Die von der WHO aufgestellten Kriterien werden bei Studien zur Computerspielabhängigkeit unterschiedlich zusammengesetzt und angewendet, wodurch verschiedene Studien zu unterschiedlichen Zahlen gelangen. Obwohl die Anteile derer, die den Abhängigkeitskriterien in Bezug auf Computerspiele entsprechen, schwanken, zeigt sich: Computerspielabhängigkeit ist kein Massenphänomen, sondern betrifft Einzelfälle. Um nachzuvollziehen, wie Computerspielabhängikeit entstehen kann, müssen zum einen der/die ComputerspielerIn in seinem/ihrem lebensweltlichen Kontext betrachtet und zum anderen die relevanten Spieleinhalte analysiert werden, denen sich die ComputerspielerInnen in exzessivem Maße zuwenden.

Gründe für exzessives Computerspielen

Exzessives Computerspielen ist vor allem auf sogenannte eskapistische und kompensatorische Motive zurückzuführen. Demnach können Computerspiele dann zum einen als Fluchtmöglichkeit aus Lebenslagen dienen, die als problematisch empfunden werden. Zum anderen können die Spiele dabei helfen, Stress zu bewältigen, die eigene Stimmung zu verbessern, den Wunsch nach sozialer Anerkennung und Zugehörigkeit zu erfüllen oder auch die Gelegenheit bieten, Macht und Kontrolle auszuüben. Der exzessive Umgang mit Computerspielen ist mit verschiedenen psychischen Problemen, wie Depressionen und Angst, verbunden. Exzessives Computerspielen geht bei Heranwachsenden in der Regel einher mit einem problematischen familiären Hintergrund, schlechten Schulleistungen, Angst vor der Schule, einem geringen Selbstwertgefühl und einem kritischen Verhältnis zu Gleichaltrigen.
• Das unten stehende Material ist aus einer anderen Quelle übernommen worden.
(* Let $T=(V,E,\gamma,\mathrm{p})$ be a fault tree and let $X=\{v\in V\mid v\text{ has more than one parent}\}$. Then Algorithm $\mathtt{SFPA2}$ (described in the context) on input $T$ has time complexity $\mathcal O(|V|(|X|+1)4^{|X|})$.
   Context: A fault tree (FT) is a tuple $T=(V,E,\gamma,\mathrm{p})$ where $(V,E)$ is a rooted directed acyclic graph (edges point from a node to its children; the root is denoted $R_T$), $\gamma\colon V\to\{\mathtt{OR},\mathtt{AND},\mathtt{BE}\}$ satisfies $\gamma(v)=\mathtt{BE}$ iff $v$ is a leaf, and $\mathrm{p}\colon \mathrm{BE}(T)\to[0,1]$ with $\mathrm{BE}(T)=\{v\in V\mid \gamma(v)=\mathtt{BE}\}$. Let $\mathrm{ch}(v)$ be the set of children of $v$. Order and dominators: write $x\preceq y$ iff there is a directed path (possibly of length $0$) from $y$ to $x$, and $x\prec y$ iff $x\preceq y$, $x\neq y$. A node $w$ dominates $v$ if $v\prec w$ and every directed path from $R_T$ to $v$ contains $w$. For every $v\neq R_T$ there is a unique dominator $\mathrm{id}(v)$ of $v$ (immediate dominator) with $\mathrm{id}(v)\preceq w'$ for every dominator $w'$ of $v$; all immediate dominators can be computed in time $\mathcal O(|E|)$. Squarefree polynomial algebra: for a finite set $X$, $\mathcal A(X)$ is the real algebra of formal sums $\alpha=\sum_{Y\subseteq X}\alpha_Y\prod_{x\in Y}\mathsf F_x$ with polynomial addition and multiplication subject to $\mathsf F_x^2=\mathsf F_x$, i.e. $(\alpha+\beta)_Y=\alpha_Y+\beta_Y$, $(\alpha\beta)_Y=\sum_{Y'\cup Y''=Y}\alpha_{Y'}\beta_{Y''}$. Elements of $\mathcal A(X)$ are regarded as elements of $\mathcal A(X')$ for $X\subseteq X'$; $\mathcal A(\varnothing)=\mathbb R$. For $x\in X\setminus Y$, $\alpha\in\mathcal A(X)$, $\beta\in\mathcal A(Y)$, the substitution $\alpha[\mathsf F_x\mapsto\beta]\in\mathcal A((X\setminus\{x\})\cup Y)$ is $\beta\cdot\sum_{Z\ni x}\alpha_Z\prod_{x'\in Z\setminus\{x\}}\mathsf F_{x'}+\sum_{Z\not\ni x}\alpha_Z\prod_{x'\in Z}\mathsf F_{x'}$. Algorithm $\mathtt{SFPA2}(T)$: set $\mathsf{ToDo}\leftarrow V$. While $\mathsf{ToDo}\neq\varnothing$: pick $v\in\mathsf{ToDo}$ minimal w.r.t. $\preceq$ and remove it. If $\gamma(v)=\mathtt{BE}$, set $g_v\leftarrow\mathrm{p}(v)$. Otherwise let $S_v=\{w\in\mathrm{ch}(v)\mid\mathrm{id}(w)=v\}$; if $\gamma(v)=\mathtt{OR}$ set $g_v\leftarrow 1-\prod_{w\in S_v}(1-g_w)\cdot\prod_{w\in\mathrm{ch}(v)\setminus S_v}(1-\mathsf F_w)$; if $\gamma(v)=\mathtt{AND}$ set $g_v\leftarrow\prod_{w\in S_v}g_w\cdot\prod_{w\in\mathrm{ch}(v)\setminus S_v}\mathsf F_w$. Then set $\mathsf{ToDo}_v\leftarrow\{w\in V\setminus\mathrm{ch}(v)\mid\mathrm{id}(w)=v\}$ and, while $\mathsf{ToDo}_v\neq\varnothing$, pick $w\in\mathsf{ToDo}_v$ maximal w.r.t. $\preceq$, remove it, and set $g_v\leftarrow g_v[\mathsf F_w\mapsto g_w]$. Return $g_{R_T}$. (This algorithm outputs the unreliability of $T$.) Time complexity counts real arithmetic operations as unit cost. *)

theory Defs
  imports Complex_Main
begin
Dabei sind Jungen eher betroffen als Mädchen, da sie sich meist öfter und intensiver mit Computerspielen befassen. Inwiefern bestimmte Eigenschaften von Computerspielen eine exzessive Nutzung befördern können, ist noch nicht genügend erforscht. Bisher wird angenommen, dass der hohe Stellenwert sozialer Interaktion, die Bedeutung von Belohnungselementen und das Ausbleiben eines Schlusspunktes in der Spielhandlung eine exzessive Zuwendung zu Spielen unterstützen können. Veranlagungen, wie etwa Störungen der Impulskontrolle, aber auch Depressionen und fehlende Erfolgserlebnisse können eine exzessive Nutzung befördern. Zudem können sich die Spielenden in der virtuellen Welt Belohnungen selbst verschaffen. In der Realität besteht eine Entwicklungsaufgabe für Heranwachsende darin, das Bedürfnis, belohnt zu werden, an die gesellschaftlichen Regeln und Gegebenheiten anzupassen und zu lernen, dass nicht auf jede Handlung Lob folgt. Dies ist in Computerspielen anders. Durch die Belohnungssysteme im Spiel erhalten die Spielenden in kurzer Zeit bei erfolgreich abgeschlossenen Aufgaben immer wieder positives Feedback.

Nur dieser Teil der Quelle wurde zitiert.